And So I Told Justice Alito…

Not having argued a case before the United States Supreme Court, the best I can do is read about the questions asked of counsel at oral argument and play the “what would I have said” game.  It’s exactly the same thing, aside from the lack of pressure, time to think, consider and reconsider, and opportunity to start over when I dig myself into a hole.

As Maryland v. Shatzer was argued on the first Monday in October, 2009, a case which presents the disconcerting notion that the invocation of the right to counsel may make a cop’s job slightly more difficult, and one about which I’ve had some thoughts previously, there was a nagging need to find out how things went.  Not great, according to the Washington Post.

Justices seemed generally supportive of [Maryland Attorney General Douglas F.] Gansler’s point that police should have been allowed to question Shatzer again, but they had a hard time agreeing on how the rule should be changed.

But not terrible either.

Roberts worried that police could repeatedly question and dismiss a suspect who asks for a lawyer.

“You know, just sort of catch-and-release, until he finally breaks down and says, ‘All right, I’ll talk,’ ” Roberts said.

A very astute observation by the Chief. Impressive.  And then there’s Justice Sam Alito.

Justice Samuel A. Alito Jr. posed this hypothetical: What if someone was arrested for joy riding in Maryland, invoked his Fifth Amendment protection, and was never convicted?
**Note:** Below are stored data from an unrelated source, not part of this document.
(* Let $n\in\mathbb{N}$, $c\ge 0$, $\rho>0$, and consider the hypersurface $\bar N_\rho=\{\rho\}\times K$ of $(\bar N,g_{\bar N}^c)$ with induced metric $g_\rho^c$ and unit normal field $\nu=\frac{1}{\sqrt{f}}\frac{\partial}{\partial\rho}$, $f(\rho)=\frac{1}{4\rho^2}\frac{\rho+2c}{\rho+c}$. The eigenvalues of the shape operator $S_\rho^c$ of $\bar N_\rho$ with respect to $\nu$ are $$\sigma_1=\frac{c}{\rho+c}\sqrt{\frac{\rho+c}{\rho+2c}},\quad \sigma_2=\frac{2\rho^2+5c\rho+4c^2}{(\rho+2c)(\rho+c)}\sqrt{\frac{\rho+c}{\rho+2c}},\quad \sigma_3=\frac{\rho+4c}{\rho+2c}\sqrt{\frac{\rho+c}{\rho+2c}},\quad \sigma_4=\sqrt{\frac{\rho+c}{\rho+2c}},$$ where $\sigma_1$ and $\sigma_4$ have multiplicity $2n-2$, $\sigma_2$ has multiplicity $1$ and $\sigma_3$ has multiplicity $2$. In particular, if $c>0$ then $(\bar N_\rho,g_\rho^c)$ is strictly convex. Furthermore, the mean curvature of $(\bar N_\rho,g_\rho^c)$ is $$\mathrm{tr}(S_\rho^c)=\frac{(2n+2)\rho^2+(8n+7)c\rho+(8n+4)c^2}{(\rho+c)(\rho+2c)}\sqrt{\frac{\rho+c}{\rho+2c}}.$$
   Context: Let $n\in\mathbb{N}$, $c\ge0$, and $B_1(0)\subset\mathbb{C}^{n-1}$ the open unit ball. Let $K=B_1(0)\times\mathbb{R}\times\mathbb{C}^n$ and $\bar N=(0,\infty)\times K$ with global coordinates $(\rho,X^a,\tilde\phi,w^0,w^a)$, $a=1,\dots,n-1$ (for $n=1$ the families $X^a,w^a$ are empty and empty sums are zero), $\|X\|^2=\sum_a|X^a|^2<1$. The metric is $g_{\bar N}^c=\frac{1}{4\rho^2}\frac{\rho+2c}{\rho+c}d\rho^2+g_\rho^c$ with $$g_\rho^c=\frac{\rho+c}{\rho}\frac{1}{1-\|X\|^2}\Big(\sum_a|dX^a|^2+\frac{1}{1-\|X\|^2}\Big|\sum_a\bar X^adX^a\Big|^2\Big)+\frac{1}{4\rho^2}\frac{\rho+c}{\rho+2c}\Big(d\tilde\phi-4\,\mathrm{Im}\Big(\bar w^0dw^0-\sum_a\bar w^adw^a\Big)+\frac{2c}{1-\|X\|^2}\mathrm{Im}\Big(\sum_a\bar X^adX^a\Big)\Big)^2$$ $$-\frac{2}{\rho}\Big(dw^0d\bar w^0-\sum_adw^ad\bar w^a\Big)+\frac{\rho+c}{\rho^2}\frac{4}{1-\|X\|^2}\Big|dw^0+\sum_aX^adw^a\Big|^2.$$ This is the one-loop deformed c-map metric on $\mathrm{SU}(n,2)/\mathrm{S}(\mathrm{U}(n)\times\mathrm{U}(2))$ (the symmetric metric for $c=0$); it is quaternionic Kähler with $\mathrm{Ric}=-2(n+2)g_{\bar N}^c$, and the level sets $\bar N_\rho=\{\rho\}\times K$ are orbits of an isometric group action. The shape operator is defined by $\mathrm{II}(X,Y)=(\nabla_XY)^\perp=g_\rho^c(S_\rho^cX,Y)\,\nu$. *)

theory Defs
  imports Complex_Main "Jordan_Normal_Form.Char_Poly"
begin
text \<open>In the restriction every process is deterministic, so in every reachable configuration
each process sits at a single node. By acyclicity each node then fires at most once per run, and
steps of different nodes that are enabled together commute. Given a run \<sigma> of the restriction,
soundness of \<N> yields a complete run \<tau> of \<N> choosing \<sigma>'s result at every node that \<sigma>
executes; it projects to a complete run of the restriction. A node fired in \<sigma> is never the
final node, so some process leaves it in \<tau> as well: all steps of \<sigma> occur in \<tau>, and commuting
them to the front shows that the end of \<sigma> reaches the final configuration.\<close>

section \<open>Runs\<close>

inductive run :: "('p, 'n, 'r) negotiation \<Rightarrow> ('p \<Rightarrow> 'n set) \<Rightarrow> ('n \<times> 'r) list \<Rightarrow> ('p \<Rightarrow> 'n set) \<Rightarrow> bool"
  for \<N> where
  run_Nil: "run \<N> C [] C"
| run_Cons: "step \<N> C n a C' \<Longrightarrow> run \<N> C' es C'' \<Longrightarrow> run \<N> C ((n, a) # es) C''"

lemma reach_iff_run: "reach \<N> C C' \<longleftrightarrow> (\<exists>es. run \<N> C es C')"
proof
  assume "reach \<N> C C'"
  then show "\<exists>es. run \<N> C es C'"
    by (induction rule: converse_rtranclp_induct) (auto simp: step_rel_def intro: run.intros)
next
  assume "\<exists>es. run \<N> C es C'"
  then obtain es where "run \<N> C es C'" ..
  then show "reach \<N> C C'"
    by induction (auto simp: step_rel_def intro: converse_rtranclp_into_rtranclp)
qed

lemma run_Nil_iff [simp]: "run \<N> C [] C' \<longleftrightarrow> C' = C"
  by (auto intro: run.intros elim: run.cases)

lemma run_Cons_iff [simp]:
  "run \<N> C ((n, a) # es) C'' \<longleftrightarrow> (\<exists>C'. step \<N> C n a C' \<and> run \<N> C' es C'')"
  by (auto intro: run.intros elim: run.cases)

lemma run_append: "run \<N> C (xs @ ys) C'' \<longleftrightarrow> (\<exists>C'. run \<N> C xs C' \<and> run \<N> C' ys C'')"
  by (induction xs arbitrary: C) (auto, blast+)

lemma run_snoc: "run \<N> C (es @ [(n, a)]) C'' \<longleftrightarrow> (\<exists>C'. run \<N> C es C' \<and> step \<N> C' n a C'')"
  by (simp add: run_append)

lemma step_unique: "step \<N> C n a C1 \<Longrightarrow> step \<N> C n a C2 \<Longrightarrow> C1 = C2"
  by (simp add: step_def)

lemma step_other_result: "step \<N> C n a C' \<Longrightarrow> b \<in> out \<N> n \<Longrightarrow> \<exists>C''. step \<N> C n b C''"
  by (auto simp: step_def)

lemma run_results: "run \<N> C es C' \<Longrightarrow> (n, a) \<in> set es \<Longrightarrow> n \<in> Nodes \<N> \<and> a \<in> out \<N> n"
  by (induction rule: run.induct) (auto simp: step_def)

definition moves_to :: "('p, 'n, 'r) negotiation \<Rightarrow> ('n \<times> 'r) list \<Rightarrow> 'p \<Rightarrow> 'n \<Rightarrow> bool" where
  "moves_to \<N> es p x \<longleftrightarrow> (\<exists>(n, a)\<in>set es. p \<in> dm \<N> n \<and> delta \<N> n a p = {x})"

lemma moves_to_Cons:
  "moves_to \<N> ((n, a) # es) p x \<longleftrightarrow> p \<in> dm \<N> n \<and> delta \<N> n a p = {x} \<or> moves_to \<N> es p x"
  by (auto simp: moves_to_def)

lemma run_singleton_origin:
  "run \<N> C es C' \<Longrightarrow> C' p = {x} \<Longrightarrow> C p = {x} \<or> moves_to \<N> es p x"
  by (induction rule: run.induct) (auto simp: step_def moves_to_Cons split: if_splits)

definition consistent_results :: "('n \<times> 'r) list \<Rightarrow> ('n \<times> 'r) list \<Rightarrow> bool" where
  "consistent_results \<sigma> \<tau> \<longleftrightarrow> (\<forall>m b b'. (m, b) \<in> set \<sigma> \<longrightarrow> (m, b') \<in> set \<tau> \<longrightarrow> b = b')"

section \<open>Deterministic acyclic negotiations\<close>

locale deterministic_acyclic_negotiation =
  fixes \<N> :: "('p, 'n, 'r) negotiation"
  assumes dm_nonempty: "n \<in> Nodes \<N> \<Longrightarrow> dm \<N> n \<noteq> {}"
    and dm_subset: "n \<in> Nodes \<N> \<Longrightarrow> dm \<N> n \<subseteq> Proc \<N>"
    and delta_singleton:
      "n \<in> Nodes \<N> \<Longrightarrow> p \<in> dm \<N> n \<Longrightarrow> a \<in> out \<N> n \<Longrightarrow> \<exists>x. delta \<N> n a p = {x}"
    and acyclic_graph: "acyclic (graph \<N>)"
begin

definition singleton_config :: "('p \<Rightarrow> 'n set) \<Rightarrow> bool" where
  "singleton_config C \<longleftrightarrow> (\<forall>p\<in>Proc \<N>. \<exists>x. C p = {x})"

lemma singleton_config_C_init: "singleton_config (C_init \<N>)"
  by (simp add: singleton_config_def C_init_def)

lemma step_singleton_config: "step \<N> C n a C' \<Longrightarrow> singleton_config C \<Longrightarrow> singleton_config C'"
  unfolding singleton_config_def step_def using delta_singleton by fastforce

lemma run_singleton_config: "run \<N> C es C' \<Longrightarrow> singleton_config C \<Longrightarrow> singleton_config C'"
  by (induction rule: run.induct) (auto intro: step_singleton_config)

lemma step_at_node: "step \<N> C n a C' \<Longrightarrow> singleton_config C \<Longrightarrow> p \<in> dm \<N> n \<Longrightarrow> C p = {n}"
  unfolding step_def singleton_config_def enabled_def using dm_subset by fastforce

lemma step_graph_edge:
  assumes "step \<N> C n a C'" "p \<in> dm \<N> n"
  obtains y where "C' p = {y}" "(n, y) \<in> graph \<N>"
proof -
  from assms(1) have "n \<in> Nodes \<N>" "a \<in> out \<N> n" by (auto simp: step_def)
  with assms(2) obtain y where "delta \<N> n a p = {y}" using delta_singleton by blast
  with assms \<open>n \<in> Nodes \<N>\<close> show thesis using that by (auto simp: step_def graph_def)
qed

lemma run_graph_path: "run \<N> C es C' \<Longrightarrow> C p = {x} \<Longrightarrow> C' p = {z} \<Longrightarrow> (x, z) \<in> (graph \<N>)\<^sup>*"
proof (induction arbitrary: x rule: run.induct)
  case (run_Nil C)
  then show ?case by simp
next
  case (run_Cons C n a C1 es C'')
  show ?case
  proof (cases "p \<in> dm \<N> n")
    case True
    with run_Cons.hyps(1) obtain y where "C1 p = {y}" "(n, y) \<in> graph \<N>"
      by (rule step_graph_edge)
    moreover from True run_Cons.hyps(1) run_Cons.prems(1) have "x = n"
      by (auto simp: step_def enabled_def)
    ultimately show ?thesis
      using run_Cons.IH run_Cons.prems(2) by (blast intro: converse_rtrancl_into_rtrancl)
  next
    case False
    with run_Cons show ?thesis by (simp add: step_def)
  qed
qed

lemma run_never_returns:
  assumes "step \<N> C n a C'" "p \<in> dm \<N> n" "run \<N> C' es C''"
  shows "C'' p \<noteq> {n}"
proof
  assume returned: "C'' p = {n}"
  from assms(1,2) obtain y where "C' p = {y}" and edge: "(n, y) \<in> graph \<N>"
    by (rule step_graph_edge)
  with assms(3) returned have "(y, n) \<in> (graph \<N>)\<^sup>*" using run_graph_path by blast
  with edge acyclic_graph show False
    by (meson acyclic_def rtrancl_into_trancl2)
qed

lemma run_distinct_nodes: "run \<N> C es C' \<Longrightarrow> singleton_config C \<Longrightarrow> distinct (map fst es)"
proof (induction rule: run.induct)
  case (run_Nil C)
  then show ?case by simp
next
  case (run_Cons C n a C1 es C'')
  have C1: "singleton_config C1" using run_Cons step_singleton_config by blast
  from run_Cons.hyps(1) have "n \<in> Nodes \<N>" by (simp add: step_def)
  then obtain p where p: "p \<in> dm \<N> n" using dm_nonempty by blast
  have "n \<notin> fst ` set es"
  proof
    assume "n \<in> fst ` set es"
    then obtain a' es1 es2 where "es = es1 @ (n, a') # es2"
      by (metis (no_types) eq_fst_iff image_iff split_list)
    with run_Cons.hyps(2) obtain C3 C4 where "run \<N> C1 es1 C3" "step \<N> C3 n a' C4"
      by (auto simp: run_append)
    moreover from this have "C3 p = {n}"
      using C1 p run_singleton_config step_at_node by blast
    ultimately show False using run_never_returns run_Cons.hyps(1) p by blast
  qed
  with run_Cons.IH C1 show ?case by simp
qed

lemma no_run_back: "step \<N> C n a C' \<Longrightarrow> singleton_config C \<Longrightarrow> \<not> run \<N> C' es C"
proof
  assume "step \<N> C n a C'" "singleton_config C" "run \<N> C' es C"
  moreover from \<open>step \<N> C n a C'\<close> have "n \<in> Nodes \<N>" by (simp add: step_def)
  then obtain p where "p \<in> dm \<N> n" using dm_nonempty by blast
  ultimately show False using run_never_returns step_at_node by metis
qed

lemma run_leaves_node:
  "run \<N> C es C' \<Longrightarrow> singleton_config C \<Longrightarrow> C p = {x} \<or> moves_to \<N> es p x \<Longrightarrow>
   C' p \<noteq> {x} \<Longrightarrow> x \<in> fst ` set es"
proof (induction rule: run.induct)
  case (run_Nil C)
  then show ?case by (simp add: moves_to_def)
next
  case (run_Cons C n a C1 es C'')
  show ?case
  proof (cases "n = x")
    case False
    have "C1 p = {x} \<or> moves_to \<N> es p x"
    proof (cases "C p = {x}")
      case True
      with False run_Cons.hyps(1) run_Cons.prems(1) have "p \<notin> dm \<N> n"
        using step_at_node by fastforce
      with True run_Cons.hyps(1) show ?thesis by (simp add: step_def)
    next
      case False
      with run_Cons.prems(2) run_Cons.hyps(1) show ?thesis
        by (auto simp: moves_to_Cons step_def)
    qed
    with run_Cons step_singleton_config show ?thesis by force
  qed simp
qed

lemma run_step_commute:
  "run \<N> C0 t C1 \<Longrightarrow> singleton_config C0 \<Longrightarrow> m \<notin> fst ` set t \<Longrightarrow> enabled \<N> C0 m \<Longrightarrow>
   step \<N> C1 m b C2 \<Longrightarrow> \<exists>C0'. step \<N> C0 m b C0' \<and> run \<N> C0' t C2"
proof (induction arbitrary: C2 rule: run.induct)
  case (run_Nil C)
  then show ?case by (blast intro: run.intros)
next
  case (run_Cons C0 n a Cx t C1)
  have disjoint: "dm \<N> n \<inter> dm \<N> m = {}"
  proof (rule ccontr)
    assume "dm \<N> n \<inter> dm \<N> m \<noteq> {}"
    then obtain p where "p \<in> dm \<N> n" "p \<in> dm \<N> m" by blast
    with run_Cons.hyps(1) run_Cons.prems have "C0 p = {n}" "m \<in> C0 p" "m \<noteq> n"
      using step_at_node unfolding enabled_def by auto
    then show False by simp
  qed
  from run_Cons.prems(3) disjoint run_Cons.hyps(1) have "enabled \<N> Cx m"
    by (auto simp: enabled_def step_def)
  moreover from run_Cons.hyps(1) run_Cons.prems(1) have "singleton_config Cx"
    by (rule step_singleton_config)
  moreover from run_Cons.prems(2) have "m \<notin> fst ` set t" by simp
  ultimately obtain Cx' where Cx': "step \<N> Cx m b Cx'" "run \<N> Cx' t C2"
    using run_Cons.IH run_Cons.prems(4) by blast
  define C0' where "C0' = (\<lambda>p. if p \<in> dm \<N> m then delta \<N> m b p else C0 p)"
  from Cx'(1) run_Cons.prems(3) have "step \<N> C0 m b C0'"
    by (simp add: step_def C0'_def)
  moreover from Cx'(1) run_Cons.hyps(1) disjoint have "step \<N> C0' n a Cx'"
    by (auto simp: step_def enabled_def C0'_def fun_eq_iff)
  ultimately show ?case using Cx'(2) by (blast intro: run.intros)
qed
Could police in Montana question him as a murder suspect in Montana 10 years later?

When [Public Defender Celia A.] Davis said no, Alito replied: “And you don’t think that’s a ridiculous application of the rule?”

Oh, man. She should have seen that slow pitch coming from miles away, and hit it out of the park.  Instead, she whiffed.  Of course it’s a ridiculous application of the rule, whether you’re Justice Alito or pretty much anybody else.  A single invocation of the right to counsel isn’t going to immunize a defendants from questioning on any subject, any crime, anywhere, forever.  But there are so many conceptual ledges to hang on to that Davis shouldn’t have feared the slippery slope.

So is there a better response? You betcha.

Of course, Justice Alito, the police in Montana could have questioned him as a murder suspect, despite his invocation.  Not because 10 years had elapsed, or that the person traveled from Maryland to Montana, but because the subject matter of the questioning was entirely unrelated to the subject matter for which the person invoked right to counsel. 

Some might argue, as apparently Davis does, that a single invocation covers a person for all purposes for all time.  What this highlights is two separate paths along which the constitutional right can flow.  One attaches to the particular offense, the purpose for which the police seek to interrogate, while the other attaches to the person without regard to the subject of the interrogation.  I see no constitutional quandary in the latter, though the former would offend constitutional protections.

Just as people are capable of committing more than one offense in their lifetime, and some can commit quite a few, each is an individual affront to society.  Assume that the person may be innocent of one, guilty of another, happy to talk about the second but not about the first.  Each alleged offense demands an investigation, and each offers the individual a separate opportunity to invoke, or not, his rights.  What they are not, however, is the use of continued attempts at interrogation to “break down” a defendant, as Justice Roberts notes.  Or any of the other words that have been used to describe the wrong of ongoing or perpetual interrogation.

One crime; one change to question.  If the suspect invokes right to counsel, that’s that.  No second dips at this well, but that has nothing to do with a person suspected of poisoning some other well. 

And for all those who thought our newest Latina justice was too liberal, check out whose lead she followed:

When Alito raised the hypothetical ante to a crime committed 40 years later, Sotomayor joined in.

“He is arrested for joy riding, he is let go, and you are saying that for 20, 40 years he is now immunized from being re-approached by the police?” Sotomayor asked.

Notice the word “immunized”?  Would that be from the swine flu? 

2 thoughts on “And So I Told Justice Alito…

  1. Jdog

    What if, hours or days weeks (or months, or years) later, the police finally get around to checking the trunk of the car that he was allegedly joyriding in, and find a dead body?

    Is that a separate crime — for which he has not invoked the 5th and might be willing to talk about (e.g. “I don’t know anything about a dead body in the trunk of the car”) or invoke the Fifth over (e.g., of how not do it “I need to talk to my lawyer before we talk about why I shot the bastard”) — or the same crime, where he’s already invoked the Fifth, and if he’s going to talk about it without counsel present, he’s gotta come to them, not vice versa?

  2. SHG

    Nope. Anything arising out of the same incident is covered.  Anything wholly unrelated is not covered. Bright line test, easily applied.

    Of course, all of this would be unnecessary if people would just shut up when questioned by the cops.